A couple months after the epiphany, Dowd came home from work, and asked his wife to live on the road with him. It took four months to get everything in order; to sell all of their possessions.
"We've been living on the road for seven years," Dowd said. "It's all we do is travel North America, doing programs on the sacred meaningful understanding of the history of the universe. That's our life, that's all we do."
How hard is it living on the road ... every day ... being with your wife every hour of the day? Not very, Dowd said.
"It really isn't. We think we're the richest people in the world," Dowd said ... "Three to five times a week, I'm speaking on what I'm most passionate about - bridging science and religion. I'm nourished by it and get great responses - and I get to do this with a woman who loves me so much and wants to live this radical and crazy life as much as I do."
Not everyone is swayed by his gospel, though.

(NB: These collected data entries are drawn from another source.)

lemma Iso_S_if_returns_to_ideal:
  assumes t: "t \<in> S" and returns: "\<And>z. z \<in> dom t \<Longrightarrow> returns_to_ideal t z"
  shows "t \<in> Iso S"
proof -
  have "t \<circ>\<^sub>m e \<circ>\<^sub>m pinv t \<circ>\<^sub>m e \<noteq> Map.empty"
    if e: "e \<in> S" "e \<circ>\<^sub>m e = e" "e \<noteq> Map.empty" "e \<circ>\<^sub>m (pinv t \<circ>\<^sub>m t) = e" for e
  proof -
    obtain z where z: "z \<in> dom e" using e(3) by auto
    then have "z \<in> dom t" using dom_subset_if_le_pinv_comp[OF e(4)] by blast
    then obtain u x where u: "u \<in> ideal z" and x: "x \<in> ideal z" and tu: "t u = Some x"
      using returns unfolding returns_to_ideal_def by blast
    have "e u = Some u" and "e x = Some x"
      using idempotent_S_fixes_ideal[OF e(1,2) z] u x by auto
    moreover have "pinv t x = Some u"
      using tu pinv_Some_iff[OF inj_on_S[OF t]] by blast
    ultimately have "(t \<circ>\<^sub>m e \<circ>\<^sub>m pinv t \<circ>\<^sub>m e) x = Some x"
      using tu by simp
    then show ?thesis by auto
  qed
  with t show ?thesis by (simp add: Iso_def)
qed

lemma returns_to_ideal_if_Iso_S:
  assumes iso: "t \<in> Iso S" and z: "z \<in> dom t"
  shows "returns_to_ideal t z"
proof -
  have t: "t \<in> S" using iso by (simp add: Iso_def)
  have "z \<in> Mor" using dom_S_subset_Mor[OF t] z by blast
  define e where "e = mor_star z z"
  have e_eq: "e x = (if x \<in> ideal z then Some x else None)" for x
    unfolding e_def using mor_star_self[OF \<open>z \<in> Mor\<close>] by simp
  have "e \<in> S" using \<open>z \<in> Mor\<close> by (simp add: e_def mor_star_in_S)
  moreover have "e \<circ>\<^sub>m e = e"
    by (rule ext) (simp add: e_eq)
  moreover have "e \<noteq> Map.empty"
    using e_eq self_in_ideal[OF \<open>z \<in> Mor\<close>] by (metis option.distinct(1))
  moreover have "e \<circ>\<^sub>m (pinv t \<circ>\<^sub>m t) = e"
  proof
    fix x
    show "(e \<circ>\<^sub>m (pinv t \<circ>\<^sub>m t)) x = e x"
      using pinv_comp_self[OF inj_on_S[OF t], of x] ideal_subset_dom_S[OF t z]
      by (auto simp: e_eq map_comp_def[of e])
  qed
  ultimately have "t \<circ>\<^sub>m e \<circ>\<^sub>m pinv t \<circ>\<^sub>m e \<noteq> Map.empty"
    using iso unfolding Iso_def by blast
  then obtain x where "(t \<circ>\<^sub>m e \<circ>\<^sub>m pinv t \<circ>\<^sub>m e) x \<noteq> None" by fastforce
  then obtain u where "x \<in> ideal z" "u \<in> ideal z" "pinv t x = Some u" "t u \<noteq> None"
    by (auto simp: map_comp_def e_eq split: option.splits if_splits)
  then show ?thesis
    unfolding returns_to_ideal_def using pinv_Some_iff[OF inj_on_S[OF t]] by blast
qed

lemma Iso_S_iff: "t \<in> S \<Longrightarrow> t \<in> Iso S \<longleftrightarrow> (\<forall>z\<in>dom t. returns_to_ideal t z)"
  using Iso_S_if_returns_to_ideal returns_to_ideal_if_Iso_S by blast

lemma mor_star_cmp:
  assumes "a \<in> Mor" "b \<in> Mor" "g \<in> Mor" "rng g = src b" "src a = src b"
  shows "mor_star a b (cmp b g) = Some (cmp a g)"
  using assms mor_star_Some_iff by auto

lemma dom_mor_star:
  assumes "a \<in> Mor" "b \<in> Mor" "src a = src b"
  shows "dom (mor_star a b) = {cmp b g | g. g \<in> Mor \<and> rng g = src b}"
  using assms mor_star_Some_iff[OF assms(1,2)] by auto

lemma returns_to_ideal_mor_star_iff:
  assumes a: "a \<in> Mor" and b: "b \<in> Mor" and g: "g \<in> Mor" "rng g = src b" and ab: "src a = src b"
  shows "returns_to_ideal (mor_star a b) (cmp b g) \<longleftrightarrow> ideal (cmp a g) \<inter> ideal (cmp b g) \<noteq> {}"
proof
  assume "returns_to_ideal (mor_star a b) (cmp b g)"
  then obtain u x where u: "u \<in> ideal (cmp b g)" and x: "x \<in> ideal (cmp b g)"
    and ux: "mor_star a b u = Some x"
    unfolding returns_to_ideal_def by blast
  obtain h where h: "h \<in> Mor" "rng h = src g" "u = cmp (cmp b g) h"
    using u g b by (auto simp: mem_ideal_iff)
  obtain g' where g': "g' \<in> Mor" "rng g' = src b" "u = cmp b g'" "x = cmp a g'"
    using ux mor_star_Some_iff[OF a b] by blast
  have "cmp b g' = cmp b (cmp g h)"
    using g' h g b by (simp add: cmp_assoc)
  then have "g' = cmp g h"
    using g' h g b by (auto intro: cmp_left_cancel)
  then have "x = cmp (cmp a g) h"
    using g' h g a ab by (simp add: cmp_assoc)
  then have "x \<in> ideal (cmp a g)"
    using h g a ab by (auto simp: mem_ideal_iff)
  with x show "ideal (cmp a g) \<inter> ideal (cmp b g) \<noteq> {}" by blast
next
  assume "ideal (cmp a g) \<inter> ideal (cmp b g) \<noteq> {}"
  then obtain \<mu> where \<mu>: "\<mu> \<in> Mor" "rng \<mu> = src g" and "cmp (cmp a g) \<mu> \<in> ideal (cmp b g)"
    using a b g ab by (auto simp: mem_ideal_iff) blast
  moreover have "mor_star a b (cmp (cmp b g) \<mu>) = Some (cmp (cmp a g) \<mu>)"
    using S_Some_cmp[OF mor_star_in_S[OF a b] mor_star_cmp[OF a b g ab]] \<mu> b g by simp
  moreover have "cmp (cmp b g) \<mu> \<in> ideal (cmp b g)"
    using \<mu> b g by (auto simp: mem_ideal_iff)
  ultimately show "returns_to_ideal (mor_star a b) (cmp b g)"
    unfolding returns_to_ideal_def by blast
qed

lemma Iso_mor_star_iff:
  assumes "a \<in> Mor" "b \<in> Mor" "src a = src b"
  shows "mor_star a b \<in> Iso S \<longleftrightarrow>
    (\<forall>g\<in>Mor. rng g = src b \<longrightarrow> ideal (cmp a g) \<inter> ideal (cmp b g) \<noteq> {})"
  using assms by (auto simp: Iso_S_iff mor_star_in_S dom_mor_star returns_to_ideal_mor_star_iff)

lemma returns_to_ideal_map_le:
  assumes "f \<in> S" and "f \<subseteq>\<^sub>m t" and "z \<in> dom f"
  shows "returns_to_ideal t z \<longleftrightarrow> returns_to_ideal f z"
proof -
  have "t u = f u" if "u \<in> ideal z" for u
    using that ideal_subset_dom_S[OF assms(1,3)] assms(2) unfolding map_le_def by (metis subsetD)
  then show ?thesis
    unfolding returns_to_ideal_def by auto
qed

lemma Iso_S_union_iff:
  assumes t: "t \<in> S" and f: "\<forall>i\<in>I. f i \<in> S"
    and graph: "map_graph t = (\<Union>i\<in>I. map_graph (f i))"
  shows "t \<in> Iso S \<longleftrightarrow> (\<forall>i\<in>I. f i \<in> Iso S)"
proof -
  have le: "f i \<subseteq>\<^sub>m t" if "i \<in> I" for i
    unfolding map_le_def
  proof
    fix x assume "x \<in> dom (f i)"
    then obtain y where xy: "(x, y) \<in> map_graph (f i)" by (auto simp: map_graph_def)
    then have "(x, y) \<in> map_graph t" using graph that by blast
    with xy show "f i x = t x" by (simp add: map_graph_def)
  qed
  have "dom g = Domain (map_graph g)" for g :: "'a \<rightharpoonup> 'a"
    by (auto simp: map_graph_def)
  then have dom: "dom t = (\<Union>i\<in>I. dom (f i))"
    using graph by (simp add: Domain_Union image_image)
  have "returns_to_ideal t z \<longleftrightarrow> returns_to_ideal (f i) z" if "i \<in> I" "z \<in> dom (f i)" for i z
    using returns_to_ideal_map_le f le that by blast
  then show ?thesis
    by (auto simp: Iso_S_iff t f dom)
qed

end

theorem lemma4p3:
  fixes Mor Obj :: "'a set" and rng src :: "'a \<Rightarrow> 'a" and cmp :: "'a \<Rightarrow> 'a \<Rightarrow> 'a"
  assumes cat: "small_category Mor Obj rng src cmp"
    and lc: "left_cancellative Mor rng src cmp"
    and fa: "finitely_aligned Mor rng src cmp"
  shows "(\<forall>a\<in>Mor. \<forall>b\<in>Mor. src a = src b \<longrightarrow>
            ((mor_map Mor rng src cmp a \<circ>\<^sub>m pinv (mor_map Mor rng src cmp b))
                \<in> Iso (S_Lambda Mor rng src cmp)
             \<longleftrightarrow> (\<forall>g\<in>Mor. rng g = src b \<longrightarrow>
                    rideal Mor rng src cmp (cmp a g) \<inter> rideal Mor rng src cmp (cmp b g) \<noteq> {})))
       \<and>
       (\<forall>(n::nat) (as::nat \<Rightarrow> 'a) (bs::nat \<Rightarrow> 'a) t.
          (\<forall>i\<in>{1..n}. as i \<in> Mor \<and> bs i \<in> Mor) \<longrightarrow>
          t \<in> S_Lambda Mor rng src cmp \<longrightarrow>
          map_graph t = (\<Union>i\<in>{1..n}. map_graph
             (mor_map Mor rng src cmp (as i) \<circ>\<^sub>m pinv (mor_map Mor rng src cmp (bs i)))) \<longrightarrow>
          (t \<in> Iso (S_Lambda Mor rng src cmp) \<longleftrightarrow>
           (\<forall>i\<in>{1..n}. (mor_map Mor rng src cmp (as i) \<circ>\<^sub>m pinv (mor_map Mor rng src cmp (bs i)))
                          \<in> Iso (S_Lambda Mor rng src cmp))))"
proof -
  interpret left_cancellative_category Mor Obj rng src cmp
    using cat lc by unfold_locales
  show ?thesis
    by (intro conjI allI ballI impI Iso_mor_star_iff Iso_S_union_iff) (auto intro: mor_star_in_S)
qed

end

Having spoken to more than 1,000 groups in the last seven years, Dowd said most of his listeners are more moderate and liberal. Occasionally he'll speak at a progressive evangelical church, and sometimes a religious group on a college campus, but he said he's mostly spoken at Unitarian churches, Quaker meetinghouses and to atheists and agnostics. By his calculation, 80 percent of the people he encounters gets excited about his message. There are those on the far right and left who don't want anything to do with his message. However, he said those on the far left are "kind of glad" about what he's preaching, in hopes that he'll convert some far right religious folk.
Dowd doesn't try to sway those groups - not actively, anyway.

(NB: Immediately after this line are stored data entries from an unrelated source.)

(* Let $k$ be a field, $R=k[x_1,\ldots,x_n]$, and let $I\subset R$ be a strongly stable monomial ideal whose last generator is $M_\omega=x^\omega$ with $\omega=(\omega_1,\ldots,\omega_\mu)\in\mathbb{Z}^\mu_{\ge0}$, $\omega_\mu>0$, where $\mu\ge 2$. Suppose $I$ contains $x_{\mu-1}^t$ for some $t>0$. Then \[ |\mathcal{I}_{\mu-1}|\le \sum_{\alpha\in\mathcal{I}_{\mu-2}} f_{\mu-1}(\alpha), \] with equality if and only if $\omega=(0,\ldots,0,\omega_\mu)$, i.e. $M_\omega=x_\mu^{\omega_\mu}$. In particular $\mathcal{I}_{\mu-1}$ is a finite set.
   Context: Monomial order: degree reverse lexicographic. For monomials $M=x^\alpha$, $N=x^\beta$ in $R$, $M>N$ iff $\deg M>\deg N$, or $\deg M=\deg N$ and for the largest index $s$ with $\alpha_s\ne\beta_s$ one has $\alpha_s<\beta_s$. For $\alpha\in\mathbb{Z}^s_{\ge0}$ ($s\le n$) write $x^\alpha=x_1^{\alpha_1}\cdots x_s^{\alpha_s}$ and $|\alpha|=\sum\alpha_j$; for $\alpha,\beta\in\mathbb{Z}^s_{\ge0}$ set $\alpha\le\beta$ iff $x^\alpha\le x^\beta$. A monomial ideal $I$ is strongly stable if for every monomial $M$, $x_iM\in I$ implies $x_jM\in I$ for all $j<i$. $\mathcal{G}(I)$ denotes the minimal set of monomial generators. For a monomial $M$, $\max M$ is the largest $i$ with $x_i\mid M$. The last generator $M_\omega$ of $I$ is the element of $\mathcal{G}(I)$ of maximal degree which is smallest (in the order) among elements of $\mathcal{G}(I)$ of that degree; $\mu=\max M_\omega$. Define $f_1=\min\{t: x_1^t\in I\}$ and, for $2\le i\le\mu$ and $\alpha\in\mathbb{Z}^{i-1}_{\ge0}$, $f_i(\alpha)=\min\{t\ge0: x^\alpha x_i^t\in I\}\in\mathbb{Z}_{\ge0}\cup\{\infty\}$ (minimum of the empty set is $\infty$). For $1\le i\le\mu-2$, $\mathcal{I}_i$ is the set of $(\alpha_1,\ldots,\alpha_i)\in\mathbb{Z}^i_{\ge0}$ with $0\le\alpha_1<f_1$ and $0\le\alpha_j<f_j(\alpha_1,\ldots,\alpha_{j-1})$ for $2\le j\le i$; $\mathcal{I}_{\mu-1}$ is the set of $(\alpha_1,\ldots,\alpha_{\mu-1})\in\mathbb{Z}^{\mu-1}_{\ge0}$ satisfying the same inequalities for $j\le\mu-1$ and additionally $(\alpha_1,\ldots,\alpha_{\mu-1})\ge(\omega_1,\ldots,\omega_{\mu-1})$. Convention: $\mathcal{I}_0$ consists of the empty tuple, on which $f_1$ takes the value $f_1$. *)

theory Defs
  imports Main "HOL-Library.Extended_Nat"
begin

text \<open>Monomials of R = k[x_1,...,x_n] are represented by exponent vectors
  a :: nat \<Rightarrow> nat supported on {1..n}. A monomial ideal is represented by
  the set of (exponent vectors of) monomials it contains.\<close>

definition monomials :: "nat \<Rightarrow> (nat \<Rightarrow> nat) set" where
  "monomials n = {a. \<forall>i. i \<notin> {1..n} \<longrightarrow> a i = 0}"

definition mdeg :: "nat \<Rightarrow> (nat \<Rightarrow> nat) \<Rightarrow> nat" where
  "mdeg n a = (\<Sum>i\<in>{1..n}. a i)"

text \<open>Degree reverse lexicographic order: mon_less n a b means x^a < x^b.\<close>
definition mon_less :: "nat \<Rightarrow> (nat \<Rightarrow> nat) \<Rightarrow> (nat \<Rightarrow> nat) \<Rightarrow> bool" where
  "mon_less n a b \<longleftrightarrow> mdeg n a < mdeg n b \<or>
     (mdeg n a = mdeg n b \<and> (\<exists>s\<in>{1..n}. a s \<noteq> b s) \<and>
      (let s = (GREATEST s. s \<in> {1..n} \<and> a s \<noteq> b s) in b s < a s))"

definition mon_le :: "nat \<Rightarrow> (nat \<Rightarrow> nat) \<Rightarrow> (nat \<Rightarrow> nat) \<Rightarrow> bool" where
  "mon_le n a b \<longleftrightarrow> a = b \<or> mon_less n a b"

definition monomial_ideal :: "nat \<Rightarrow> (nat \<Rightarrow> nat) set \<Rightarrow> bool" where
  "monomial_ideal n I \<longleftrightarrow> I \<subseteq> monomials n \<and>
     (\<forall>a\<in>I. \<forall>b\<in>monomials n. (\<forall>i. a i \<le> b i) \<longrightarrow> b \<in> I)"

definition strongly_stable :: "nat \<Rightarrow> (nat \<Rightarrow> nat) set \<Rightarrow> bool" where
  "strongly_stable n I \<longleftrightarrow> (\<forall>a\<in>monomials n. \<forall>i j. 1 \<le> j \<and> j < i \<and> i \<le> n \<and>
       a(i := Suc (a i)) \<in> I \<longrightarrow> a(j := Suc (a j)) \<in> I)"

definition min_gens :: "(nat \<Rightarrow> nat) set \<Rightarrow> (nat \<Rightarrow> nat) set" where
  "min_gens I = {a \<in> I. \<not> (\<exists>b\<in>I. b \<noteq> a \<and> (\<forall>i. b i \<le> a i))}"

definition is_last_gen :: "nat \<Rightarrow> (nat \<Rightarrow> nat) set \<Rightarrow> (nat \<Rightarrow> nat) \<Rightarrow> bool" where
  "is_last_gen n I w \<longleftrightarrow> w \<in> min_gens I \<and>
     (\<forall>b\<in>min_gens I. mdeg n b \<le> mdeg n w) \<and>
     (\<forall>b\<in>min_gens I. mdeg n b = mdeg n w \<longrightarrow> mon_le n w b)"

definition mon_of_list :: "nat list \<Rightarrow> nat \<Rightarrow> nat" where
  "mon_of_list al = (\<lambda>j. if 1 \<le> j \<and> j \<le> length al then al ! (j - 1) else 0)"

text \<open>f_i(alpha) = min{t. x^alpha x_i^t \<in> I} (infinity if empty); alpha has length i-1.
  For i = 1 and alpha = [] this is f_1.\<close>
definition fval :: "(nat \<Rightarrow> nat) set \<Rightarrow> nat \<Rightarrow> nat list \<Rightarrow> enat" where
  "fval I i al = (if \<exists>t. (mon_of_list al)(i := t) \<in> I
                  then enat (LEAST t. (mon_of_list al)(i := t) \<in> I) else \<infinity>)"

text \<open>The set \<I>_i (without the extra condition for i = mu - 1).\<close>
definition Iset :: "(nat \<Rightarrow> nat) set \<Rightarrow> nat \<Rightarrow> nat list set" where
  "Iset I i = {al. length al = i \<and>
      (\<forall>j\<in>{1..i}. enat (al ! (j - 1)) < fval I j (take (j - 1) al))}"

definition Ilast :: "nat \<Rightarrow> (nat \<Rightarrow> nat) set \<Rightarrow> (nat \<Rightarrow> nat) \<Rightarrow> nat \<Rightarrow> nat list set" where
  "Ilast n I w mu = {al \<in> Iset I (mu - 1).
      mon_le n (mon_of_list (map w [1..<mu])) (mon_of_list al)}"

end

theory Submission
  imports Defs
begin

text \<open>Strong stability lets the pure power x_{\<mu>-1}^t be traded for x_j^t with j < \<mu> - 1, so
  every exponent of a tuple in \<I>_i (i \<le> \<mu> - 1) is below t and the sets \<I>_i are finite.
  Counting the last coordinate gives |\<I>_{\<mu>-1}'| = \<Sum> f_{\<mu>-1}(\<alpha>) over \<alpha> \<in> \<I>_{\<mu>-2}, where
  \<I>_{\<mu>-1}' is \<I>_{\<mu>-1} without the order condition. The order condition removes nothing
  iff (\<omega>_1,\<dots>,\<omega>_{\<mu>-1}) is the zero tuple: the zero tuple lies in \<I>_{\<mu>-1}' (as 1 \<notin> I),
  and the only monomial below 1 is 1 itself.\<close>

lemma sum_enat: "(\<Sum>x\<in>A. enat (f x)) = enat (\<Sum>x\<in>A. f x)"
  by (induction A rule: infinite_finite_induct) (auto simp: zero_enat_def)

lemma strongly_stable_shift_exponent:
  assumes ss: "strongly_stable n I" and ji: "1 \<le> j" "j < i" "i \<le> n"
  shows "\<forall>a\<in>monomials n. a(i := a i + k) \<in> I \<longrightarrow> a(j := a j + k) \<in> I"
proof (induction k)
  case (Suc k)
  show ?case
  proof (intro ballI impI)
    fix a assume a: "a \<in> monomials n" and aI: "a(i := a i + Suc k) \<in> I"
    define b where "b = a(i := a i + k)"
    define a' where "a' = a(j := Suc (a j))"
    have "b \<in> monomials n" "a' \<in> monomials n"
      using a ji by (auto simp: a'_def b_def monomials_def)
    moreover have "b(i := Suc (b i)) = a(i := a i + Suc k)"
      by (simp add: b_def)
    ultimately have "b(j := Suc (b j)) \<in> I"
      using ss ji aI unfolding strongly_stable_def by metis
    moreover have "b(j := Suc (b j)) = a'(i := a' i + k)"
      using ji by (auto simp: a'_def b_def fun_eq_iff)
    ultimately have "a'(i := a' i + k) \<in> I"
      by simp
    with Suc.IH \<open>a' \<in> monomials n\<close> have "a'(j := a' j + k) \<in> I"
      by blast
    then show "a(j := a j + Suc k) \<in> I"
      by (simp add: a'_def)
  qed
qed simp

lemma strongly_stable_pure_power:
  assumes "strongly_stable n I" and "1 \<le> j" "j \<le> i" "i \<le> n"
    and "(\<lambda>_. 0)(i := t) \<in> I"
  shows "(\<lambda>_. 0)(j := t) \<in> I"
proof (cases "j = i")
  case False
  have "(\<lambda>_. 0::nat) \<in> monomials n"
    by (simp add: monomials_def)
  with assms False show ?thesis
    using strongly_stable_shift_exponent[of n I j i t] by fastforce
qed (use assms in simp)

lemma zero_notin_ideal_with_last_gen:
  assumes "is_last_gen n I w" and "w \<noteq> (\<lambda>_. 0)"
  shows "(\<lambda>_. 0) \<notin> I"
  using assms unfolding is_last_gen_def min_gens_def by auto

lemma mdeg_eq_0_iff: "mdeg n a = 0 \<longleftrightarrow> (\<forall>i\<in>{1..n}. a i = 0)"
  by (simp add: mdeg_def)

lemma not_mon_less_zero: "\<not> mon_less n a (\<lambda>_. 0)"
proof
  assume "mon_less n a (\<lambda>_. 0)"
  then have "mdeg n a = 0" "\<exists>s\<in>{1..n}. a s \<noteq> 0"
    by (auto simp: mon_less_def mdeg_def[of n "\<lambda>_. 0"])
  then show False
    by (simp add: mdeg_eq_0_iff)
qed

lemma mon_le_zero_iff: "mon_le n a (\<lambda>_. 0) \<longleftrightarrow> a = (\<lambda>_. 0)"
  by (simp add: mon_le_def not_mon_less_zero)

lemma zero_mon_le:
  assumes "a \<in> monomials n"
  shows "mon_le n (\<lambda>_. 0) a"
proof (cases "a = (\<lambda>_. 0)")
  case False
  then obtain s where "a s \<noteq> 0" by auto
  with assms have "s \<in> {1..n}"
    by (auto simp: monomials_def)
  with \<open>a s \<noteq> 0\<close> have "mdeg n a \<noteq> 0"
    by (auto simp: mdeg_eq_0_iff)
  then have "mdeg n (\<lambda>_. 0) < mdeg n a"
    by (simp add: mdeg_def[of n "\<lambda>_. 0"])
  then show ?thesis
    unfolding mon_le_def mon_less_def by blast
qed (simp add: mon_le_def)

lemma mon_of_list_in_monomials: "length xs \<le> n \<Longrightarrow> mon_of_list xs \<in> monomials n"
  by (auto simp: mon_of_list_def monomials_def)

lemma mon_of_list_Suc: "p < length xs \<Longrightarrow> mon_of_list xs (Suc p) = xs ! p"
  by (simp add: mon_of_list_def)

lemma mon_of_list_eq_zero_iff: "mon_of_list xs = (\<lambda>_. 0) \<longleftrightarrow> (\<forall>x\<in>set xs. x = 0)"
proof
  assume "mon_of_list xs = (\<lambda>_. 0)"
  then show "\<forall>x\<in>set xs. x = 0"
    by (metis in_set_conv_nth mon_of_list_Suc)
next
  assume "\<forall>x\<in>set xs. x = 0"
  then show "mon_of_list xs = (\<lambda>_. 0)"
    by (auto simp: mon_of_list_def fun_eq_iff)
qed

lemma mon_of_list_replicate_zero: "mon_of_list (replicate k 0) = (\<lambda>_. 0)"
  by (simp add: mon_of_list_eq_zero_iff)

lemma fval_le_pure_power:
  assumes "monomial_ideal n I" and "(\<lambda>_. 0)(j := t) \<in> I"
    and "1 \<le> j" "j \<le> n" and "length xs < j"
  shows "fval I j xs \<le> enat t"
proof -
  have "(mon_of_list xs)(j := t) \<in> monomials n"
    using mon_of_list_in_monomials[of xs n] assms(3-5) by (auto simp: monomials_def)
  moreover have "\<forall>i. ((\<lambda>_. 0)(j := t)) i \<le> ((mon_of_list xs)(j := t)) i"
    by simp
  ultimately have "(mon_of_list xs)(j := t) \<in> I"
    using assms(1,2) unfolding monomial_ideal_def by blast
  then show ?thesis
    by (auto simp: fval_def intro: Least_le)
qed

lemma Iset_entries_less:
  assumes "monomial_ideal n I" "strongly_stable n I"
    and "1 \<le> i" "i \<le> n" "(\<lambda>_. 0)(i := t) \<in> I"
    and "k \<le> i" and "xs \<in> Iset I k"
  shows "set xs \<subseteq> {..<t}"
proof
  fix x assume "x \<in> set xs"
  then obtain p where p: "p < k" "xs ! p = x"
    using assms(7) by (auto simp: in_set_conv_nth Iset_def)
  have "\<forall>j\<in>{1..k}. enat (xs ! (j - 1)) < fval I j (take (j - 1) xs)"
    using assms(7) by (simp add: Iset_def)
  then have "enat (xs ! (Suc p - 1)) < fval I (Suc p) (take (Suc p - 1) xs)"
    using p by (intro bspec[of _ _ "Suc p"]) auto
  with p have "enat x < fval I (Suc p) (take p xs)"
    by simp
  also have "\<dots> \<le> enat t"
    using assms p strongly_stable_pure_power[of n I "Suc p" i t]
    by (intro fval_le_pure_power[of n]) auto
  finally show "x \<in> {..<t}" by simp
qed

lemma finite_Iset:
  assumes "monomial_ideal n I" "strongly_stable n I"
    and "1 \<le> i" "i \<le> n" "(\<lambda>_. 0)(i := t) \<in> I" and "k \<le> i"
  shows "finite (Iset I k)"
proof (rule finite_subset)
  show "Iset I k \<subseteq> {xs. set xs \<subseteq> {..<t} \<and> length xs = k}"
    using Iset_entries_less[OF assms] by (auto simp: Iset_def)
qed (rule finite_lists_length_eq, simp)

lemma Iset_Suc:
  "Iset I (Suc m) = (\<lambda>(xs, b). xs @ [b]) ` (SIGMA xs:Iset I m. {b. enat b < fval I (Suc m) xs})"
proof (intro equalityI subsetI)
  fix ys assume ys: "ys \<in> Iset I (Suc m)"
  then have len: "length ys = Suc m"
    by (simp add: Iset_def)
  then have "ys = take m ys @ [ys ! m]"
    by (metis lessI take_Suc_conv_app_nth take_all_iff order_refl)
  moreover have "take m ys \<in> Iset I m"
    using ys len by (auto simp: Iset_def min_def)
  moreover have "enat (ys ! m) < fval I (Suc m) (take m ys)"
    using ys by (force simp: Iset_def)
  ultimately show "ys \<in> (\<lambda>(xs, b). xs @ [b]) ` (SIGMA xs:Iset I m. {b. enat b < fval I (Suc m) xs})"
    by (intro image_eqI[where x = "(take m ys, ys ! m)"]) auto
next
  fix ys assume "ys \<in> (\<lambda>(xs, b). xs @ [b]) ` (SIGMA xs:Iset I m. {b. enat b < fval I (Suc m) xs})"
  then obtain xs b where xs: "xs \<in> Iset I m" and b: "enat b < fval I (Suc m) xs"
    and ys: "ys = xs @ [b]"
    by auto
  have len: "length xs = m"
    using xs by (simp add: Iset_def)
  show "ys \<in> Iset I (Suc m)"
    unfolding Iset_def
  proof (intro CollectI conjI ballI)
    fix j assume "j \<in> {1..Suc m}"
    then consider "j = Suc m" | "j \<in> {1..m}" by fastforce
    then show "enat (ys ! (j - 1)) < fval I j (take (j - 1) ys)"
    proof cases
      case 2
      with xs len ys show ?thesis
        by (auto simp: Iset_def nth_append)
    qed (use b ys len in \<open>simp add: nth_append\<close>)
  qed (simp add: ys len)
qed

"I don't get invited into the most antagonistic of settings very often," Dowd said. "Any minister that believes evolution is of the devil doesn't invite me into his church.
"I don't try to convert them, I don't try to fix them, I don't try to prove that they're wrong," Dowd said. "But if they stay in communication with me, they usually get curious about how I can be so passionate about this. So I've actually won quite a few of them over by doing this."
Dowd will be speaking at St. Luke United Methodist Church in Bryn Mawr March 22 at 10 a.m.; Bryn Mawr Presbyterian Church March 23 at 7:30 p.m.; and Cherry Hill Unitarian Universalist Church March 31 at 7 p.m.